TASK GOAL: Your job is to report every line of the entries that has "else".

EXERCISE INPUT START

lemma Eop_commutator:
  "Eop l \<alpha> \<beta> i j (Eop l \<alpha> \<beta> k r p) m - Eop l \<alpha> \<beta> k r (Eop l \<alpha> \<beta> i j p) m
   = (if i = r then Eop l \<alpha> \<beta> k j p m else 0) - (if k = j then Eop l \<alpha> \<beta> i r p m else 0)"
  by (auto simp: Eop_normal_order weyl_linear_simps aop_asop aop_commute asop_commute field_simps)

lemma Eop_Iop_commute:
  assumes "i \<in> {1..2*l}" "j \<in> {1..2*l}"
  shows "Eop l \<alpha> \<beta> i j (Iop l \<alpha> \<beta> p) = Iop l \<alpha> \<beta> (Eop l \<alpha> \<beta> i j p)"
proof (rule ext)
  fix m
  have "Eop l \<alpha> \<beta> i j (Iop l \<alpha> \<beta> p) m - Iop l \<alpha> \<beta> (Eop l \<alpha> \<beta> i j p) m
      = (\<Sum>k\<in>{1..2*l}. Eop l \<alpha> \<beta> i j (Eop l \<alpha> \<beta> k k p) m - Eop l \<alpha> \<beta> k k (Eop l \<alpha> \<beta> i j p) m)"
    unfolding Iop_def by (simp add: linear_op_sum[OF linear_op_Eop] sum_subtractf)
  also have "\<dots> = (\<Sum>k\<in>{1..2*l}. (if i = k then Eop l \<alpha> \<beta> k j p m else 0)
                                 - (if k = j then Eop l \<alpha> \<beta> i k p m else 0))"
    by (simp only: Eop_commutator)
  also have "\<dots> = 0"
    using assms by (simp add: sum_subtractf)
  finally show "Eop l \<alpha> \<beta> i j (Iop l \<alpha> \<beta> p) m = Iop l \<alpha> \<beta> (Eop l \<alpha> \<beta> i j p) m"
    by simp
qed

lemma Eop_le_le:
  "i \<le> l \<Longrightarrow> j \<le> l \<Longrightarrow>
   Eop l \<alpha> \<beta> i j p m = Xop j (Dop i p) m + (if i = j then p m / 2 else 0) + \<alpha> i * Xop j p m"
  by (simp add: Eop_normal_order aop_def asop_def XD_linear_simps)

lemma Eop_gt_gt:
  "\<not> i \<le> l \<Longrightarrow> \<not> j \<le> l \<Longrightarrow>
   Eop l \<alpha> \<beta> i j p m = - Xop i (Dop j p) m - (if i = j then p m / 2 else 0) + \<beta> (j - l) * Xop i p m"
  by (simp add: Eop_normal_order aop_def asop_def XD_linear_simps Dop_Xop)

lemma Eop_le_gt:
  "i \<le> l \<Longrightarrow> \<not> j \<le> l \<Longrightarrow>
   Eop l \<alpha> \<beta> i j p m = - Dop j (Dop i p) m + \<beta> (j - l) * Dop i p m - \<alpha> i * Dop j p m
     + \<alpha> i * \<beta> (j - l) * p m"
  by (simp add: Eop_normal_order aop_def asop_def XD_linear_simps algebra_simps)

lemma WcarI:
  "finite {m. p m \<noteq> 0} \<Longrightarrow> (\<And>m k. p m \<noteq> 0 \<Longrightarrow> k \<notin> {1..2*l} \<Longrightarrow> m k = 0) \<Longrightarrow> p \<in> Wcar l"
  unfolding Wcar_def by blast

lemma WcarD:
  "p \<in> Wcar l \<Longrightarrow> finite {m. p m \<noteq> 0}"
  "p \<in> Wcar l \<Longrightarrow> p m \<noteq> 0 \<Longrightarrow> k \<notin> {1..2*l} \<Longrightarrow> m k = 0"
  unfolding Wcar_def by blast+

lemma Wcar_bounded: "p \<in> Wcar l \<Longrightarrow> \<exists>n. \<forall>m. p m \<noteq> 0 \<longrightarrow> f m \<le> (n::nat)"
  using finite_nat_set_iff_bounded_le[of "f ` {m. p m \<noteq> 0}"] WcarD(1) by blast

lemma Wcar_lincomb: "p \<in> Wcar l \<Longrightarrow> q \<in> Wcar l \<Longrightarrow> (\<lambda>m. a * p m + b * q m) \<in> Wcar l"
proof (rule WcarI)
  assume p: "p \<in> Wcar l" and q: "q \<in> Wcar l"
  show "finite {m. a * p m + b * q m \<noteq> 0}"
    by (rule finite_subset[of _ "{m. p m \<noteq> 0} \<union> {m. q m \<noteq> 0}"]) (auto simp: WcarD[OF p] WcarD[OF q])
  fix m k assume "a * p m + b * q m \<noteq> 0" "k \<notin> {1..2 * l}"
  moreover from this have "p m \<noteq> 0 \<or> q m \<noteq> 0" by auto
  ultimately show "m k = 0" using WcarD(2)[OF p] WcarD(2)[OF q] by blast
qed

lemma Wcar_zero: "(\<lambda>_. 0) \<in> Wcar l"
  by (rule WcarI) auto

lemma Wcar_add: "p \<in> Wcar l \<Longrightarrow> q \<in> Wcar l \<Longrightarrow> (\<lambda>m. p m + q m) \<in> Wcar l"
  using Wcar_lincomb[of p l q 1 1] by simp

lemma Wcar_scale: "p \<in> Wcar l \<Longrightarrow> (\<lambda>m. a * p m) \<in> Wcar l"
  using Wcar_lincomb[of p l p a 0] by simp

lemma Wcar_sum: "(\<And>k. k \<in> K \<Longrightarrow> f k \<in> Wcar l) \<Longrightarrow> (\<lambda>m. \<Sum>k\<in>K. f k m) \<in> Wcar l"
proof (induction K rule: infinite_finite_induct)
  case (insert x F)
  then show ?case using Wcar_add[of "f x" l "\<lambda>m. \<Sum>k\<in>F. f k m"] by simp
qed (simp_all add: Wcar_zero)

EXERCISE INPUT END

WRITTEN REPLY:
   = (if i = r then Eop l \<alpha> \<beta> k j p m else 0) - (if k = j then Eop l \<alpha> \<beta> i r p m else 0)"
  also have "\<dots> = (\<Sum>k\<in>{1..2*l}. (if i = k then Eop l \<alpha> \<beta> k j p m else 0)
                                 - (if k = j then Eop l \<alpha> \<beta> i k p m else 0))"
   Eop l \<alpha> \<beta> i j p m = Xop j (Dop i p) m + (if i = j then p m / 2 else 0) + \<alpha> i * Xop j p m"
   Eop l \<alpha> \<beta> i j p m = - Xop i (Dop j p) m - (if i = j then p m / 2 else 0) + \<beta> (j - l) * Xop i p m"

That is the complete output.